To support families in that effort, the Pope calls for a strong and consistent pastoral focus on family life, beginning with—but definitely not limited to– better preparation for sacramental marriage. The Church should help married couples to grow in love and holiness after their weddings, especially in the early years of marriage, he says. He urges pastors to enlist the help of older married couples in helping the young, working to build up “a pedagogy of love.”
Traditional teachings affirmed
At the outset of Amoris Laetitia, Pope Francis explains that he has felt obligated to write a lengthy document because of the “rich fruits of the two-year Synod process,” which addressed a wide variety of topics. “Consequently, I do not recommend a rushed reading of the text,” the Pope remarks (in a caution that has been ignored by hundreds of commentators).
The papal document is heavily documented, with nearly 400 footnotes; along with saints, theologians, and Church fathers, the Pope also cites poets, novelists, psychologists, and political figures—including Jorge Luis Borges, Octavio Paz, Erich Fromm, and Martin Luther King. Critical reviews of the final statement released by the Synod of Bishops last October had observed that the bishops virtually ignored Familiaris Consortio and the “theology of the body” developed by St John Paul II; those insights are frequently cited in Amoris Laetitia.

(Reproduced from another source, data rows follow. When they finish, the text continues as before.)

lemma cspan_subset_csubspace:
  assumes "csubspace N U" "\<forall>r<m. u r \<in> U"
  shows "cspan u m \<subseteq> U"
proof
  fix v assume "v \<in> cspan u m"
  then obtain c where "v = (\<lambda>l. \<Sum>r<m. c r * u r l)" by (auto simp: cspan_def)
  then have "v = (\<Sum>r<m. cscale (c r) (u r))" by (simp add: sum_cscale)
  also have "\<dots> \<in> U"
    using assms by (intro cvs.subspace_sum cvs.subspace_scale csubspace_imp_subspace) auto
  finally show "v \<in> U" .
qed

lemma csubspace_cspan:
  assumes "\<forall>r<m. u r \<in> cvec N"
  shows "csubspace N (cspan u m)"
  unfolding csubspace_def
proof (intro conjI ballI allI)
  show "cspan u m \<subseteq> cvec N" using assms by (auto simp: cspan_def cvec_def)
  show "(\<lambda>_. 0) \<in> cspan u m" unfolding cspan_def by (rule range_eqI[of _ _ "\<lambda>_. 0"]) simp
next
  fix v w assume "v \<in> cspan u m" "w \<in> cspan u m"
  then obtain c1 c2 where "v = (\<lambda>l. \<Sum>r<m. c1 r * u r l)" "w = (\<lambda>l. \<Sum>r<m. c2 r * u r l)"
    by (auto simp: cspan_def)
  then show "(\<lambda>l. v l + w l) \<in> cspan u m" unfolding cspan_def
    by (intro range_eqI[of _ _ "\<lambda>r. c1 r + c2 r"]) (simp add: sum.distrib distrib_right)
next
  fix c v assume "v \<in> cspan u m"
  then obtain c1 where "v = (\<lambda>l. \<Sum>r<m. c1 r * u r l)" by (auto simp: cspan_def)
  then show "(\<lambda>l. c * v l) \<in> cspan u m" unfolding cspan_def
    by (intro range_eqI[of _ _ "\<lambda>r. c * c1 r"]) (simp add: sum_distrib_left mult.assoc)
qed

lemma card_le_if_clin_indep_subset_cspan:
  assumes "finite A" "clin_indep A" "A \<subseteq> cspan u m"
  shows "card A \<le> m"
proof -
  have "card A \<le> card (u ` {..<m})"
    using cvs.independent_span_bound assms cspan_subset_span clin_indep_iff_independent
    by (metis finite_imageI finite_lessThan order_trans)
  also have "\<dots> \<le> m" using card_image_le[of "{..<m}" u] by simp
  finally show ?thesis .
qed

definition unit_cvec :: "nat \<Rightarrow> nat \<Rightarrow> complex" where
  "unit_cvec r = (\<lambda>l. if l = r then 1 else 0)"

lemma cvec_subset_cspan_unit_cvec: "cvec N \<subseteq> cspan unit_cvec N"
proof
  fix v assume v: "v \<in> cvec N"
  have "v = (\<lambda>l. \<Sum>r<N. v r * unit_cvec r l)"
    using v by (auto simp: fun_eq_iff cvec_def unit_cvec_def if_distrib cong: if_cong)
  then show "v \<in> cspan unit_cvec N" unfolding cspan_def by blast
qed

lemma finite_clin_indep_cards:
  assumes "U \<subseteq> cvec N"
  shows "finite {card A | A. finite A \<and> A \<subseteq> U \<and> clin_indep A}"
proof (rule finite_subset)
  show "{card A | A. finite A \<and> A \<subseteq> U \<and> clin_indep A} \<subseteq> {..N}"
  proof
    fix n assume "n \<in> {card A | A. finite A \<and> A \<subseteq> U \<and> clin_indep A}"
    then obtain A where A: "n = card A" "finite A" "A \<subseteq> U" "clin_indep A" by blast
    then have "A \<subseteq> cspan unit_cvec N"
      using A(3) assms cvec_subset_cspan_unit_cvec by blast
    then show "n \<in> {..N}" using card_le_if_clin_indep_subset_cspan A by simp
  qed
qed simp

lemma cdim_attained:
  assumes "U \<subseteq> cvec N"
  obtains A where "finite A" "A \<subseteq> U" "clin_indep A" "card A = cdim U"
proof -
  let ?C = "{card A | A. finite A \<and> A \<subseteq> U \<and> clin_indep A}"
  have "0 \<in> ?C" by (intro CollectI exI[of _ "{}"]) (auto simp: clin_indep_def)
  then have "?C \<noteq> {}" by blast
  then have "cdim U \<in> ?C" unfolding cdim_def by (rule Max_in[OF finite_clin_indep_cards[OF assms]])
  then show ?thesis using that by auto
qed

lemma card_le_cdim:
  assumes "U \<subseteq> cvec N" "finite A" "A \<subseteq> U" "clin_indep A"
  shows "card A \<le> cdim U"
  unfolding cdim_def by (rule Max_ge[OF finite_clin_indep_cards[OF assms(1)]]) (use assms in blast)

lemma cdim_le_if_subset_cspan:
  assumes "U \<subseteq> cvec N" "U \<subseteq> cspan u m"
  shows "cdim U \<le> m"
proof -
  obtain A where A: "finite A" "A \<subseteq> U" "clin_indep A" "card A = cdim U"
    using cdim_attained[OF assms(1)] by blast
  have "A \<subseteq> cspan u m" using A(2) assms(2) by (rule subset_trans)
  then show ?thesis using card_le_if_clin_indep_subset_cspan[OF A(1,3)] A(4) by simp
qed

lemma cdim_le: "U \<subseteq> cvec N \<Longrightarrow> cdim U \<le> N"
  using cdim_le_if_subset_cspan subset_trans[OF _ cvec_subset_cspan_unit_cvec] by blast

section \<open>Orthonormal frames\<close>

definition cinner :: "nat \<Rightarrow> (nat \<Rightarrow> complex) \<Rightarrow> (nat \<Rightarrow> complex) \<Rightarrow> complex" where
  "cinner N u v = (\<Sum>l<N. u l * cnj (v l))"

definition orthonormal :: "nat \<Rightarrow> (nat \<Rightarrow> nat \<Rightarrow> complex) \<Rightarrow> nat \<Rightarrow> bool" where
  "orthonormal N u m \<longleftrightarrow> (\<forall>r<m. \<forall>s<m. cinner N (u r) (u s) = (if r = s then 1 else 0))"

lemma cinner_sum_left:
  "finite R \<Longrightarrow> cinner N (\<lambda>l. \<Sum>r\<in>R. c r * u r l) v = (\<Sum>r\<in>R. c r * cinner N (u r) v)"
  unfolding cinner_def by (simp add: sum_distrib_left sum_distrib_right mult.assoc, rule sum.swap)

lemma cinner_diff_left: "cinner N (\<lambda>l. u l - w l) v = cinner N u v - cinner N w v"
  unfolding cinner_def by (simp add: sum_subtractf left_diff_distrib)

lemma cinner_scale_left: "cinner N (\<lambda>l. c * u l) v = c * cinner N u v"
  unfolding cinner_def by (simp add: sum_distrib_left mult.assoc)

Pope Francis also confirms the message of Pope Paul VI in Humanae Vitae, writing in the new document that every act of marital love should be open to the transmission of life. “Hence no genital act of husband and wife can refuse this meaning, even when for various reasons it may not always in fact beget a new life,” he insists.
Naturally the Pope also strongly condemns abortion:
Here I feel it urgent to state that, if the family is the sanctuary of life, the place where life is conceived and cared for, it is a horrendous contradiction when it becomes a place where life is rejected and destroyed.
And while he insists that homosexual persons must never be the objects of unjust discrimination—let alone aggression or violence—Pope Francis unequivocally upholds the understanding that marriage is a union of a man and a woman, and sexual activity outside marriage is immoral.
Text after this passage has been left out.